By summing up all the values in all the rows, we will get what we can call Dactual. If we divide the Dactual value with the Dmax value, the sum of all rows if they all were 1.0, then we get the D value. In the example from Figure 1, it would be Dactual Dmax= = 12/16 = 0.75, that is, the density of the group would be 0.75. To illustrate how the density value changes dependent on the relations between the group members, let us change trust relations a little to DTA = 0.3, ATD = 0.4, DTB = 0.3, BTD = 0.2, and keep the rest at 1.0 (illustrated in Figures 1C,D). The new group Dactual would be 13.2, which would give us D = 13.2/16 = 0.825, which means that the new group has a higher density value than the first group. The density value of a CGA should be understood as:

D = 1 =df There is a full connection between the group members.

D = 0 =df There is no connection between any group members.
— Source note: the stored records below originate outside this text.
theorem corollary4p6:
  fixes adj :: "'a::finite \<Rightarrow> 'a \<Rightarrow> bool" and q :: nat and x0 :: 'a and u :: complex
  assumes "simple_graph adj" and "connected_graph adj" and "regular_graph adj (q + 1)"
    and "q \<ge> 1"
    and "\<alpha> = (real (q + 1) + sqrt (real (q + 1) ^ 2 + 4 * real (q + 1))) / 2"
    and "norm u < 1 / \<alpha>"
  shows "zeta_local adj u x0 =
    pow1m (u ^ 2) (- (of_nat q - 1) / 2)
    * (\<Prod>lam \<in> local_spectrum adj x0.
         pow1m (complex_of_real (real (q + 1) - lam) * u - of_nat q * u ^ 2)
               (- complex_of_real (local_mult adj x0 lam)))
    * exp (\<Sum>m. of_int (R_term adj (m + 3) x0) / of_nat (m + 3) * u ^ (m + 3))"
proof -
  interpret regular_simple_graph adj q
    using assms(1,3) by unfold_locales
  have "zeta_local adj u x0 = exp (\<Sum>n. of_nat (N_count adj (Suc n) x0) / of_nat (Suc n) * u ^ Suc n)"
    unfolding zeta_local_def ..
  also have "\<dots> = exp (- (of_nat q - 1) / 2 * log1m (u ^ 2)
     + (\<Sum>lam\<in>local_spectrum adj x0.
          - complex_of_real (local_mult adj x0 lam)
            * log1m (complex_of_real (real (q + 1) - lam) * u - of_nat q * u ^ 2))
     + (\<Sum>m. of_int (R_term adj (m + 3) x0) / of_nat (m + 3) * u ^ (m + 3)))"
    using N_series_sums[OF assms(5,6)] by (simp add: sums_iff)
  finally show ?thesis
    unfolding pow1m_def exp_add exp_sum[OF finite_local_spectrum] .
qed

end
D = x, where 0 < x ≤ 1 =df There is a connection between some members in the group.

The implication is that if all trust relations between the group members are 0, then the CGA will cease/dissolve.

Intensity of cooperative group activity

We have now established a formal way to estimate the compatibility of the member's subplans in a CGA by the MS function and the connections between the agents in a shared intention by the D function. These two phenomena are not truly distinguished from each other, of course, but separate enough to make it intelligible to analyze them separately. The characteristic of both phenomena is that they are both very important for the survival and duration of a CGA.

One can also look at the product of the compatibility and density, I = MS × D. The value of I will determine the intensity of the CGA. The intensity of a CGA, seen in the formal definition, is the degree of the CGA based on the trust relations between the members in the group and the compatibility of subplans that these members have relative to that intention. Following the same formulation as before:

I = 1 =df The intensity of the CGA is maximal.

I = 0 =df The CGA has no intensity.

I = x where 0 < x ≤ 1 =df The CGA has intensity.

If a CGA lacks intensity, the CGA ceases to be. There are two ways in which a CGA can be characterized as having I = 0, either by M(αnm) = 0 or by D = 0. The formulation of I makes it possible to compare two or more groups that have a similar CGA but are constituted of different members, for example, different supporter teams. This will not be pursued here, but instead we will focus on how a CGA's degree of intensity can increase or decrease.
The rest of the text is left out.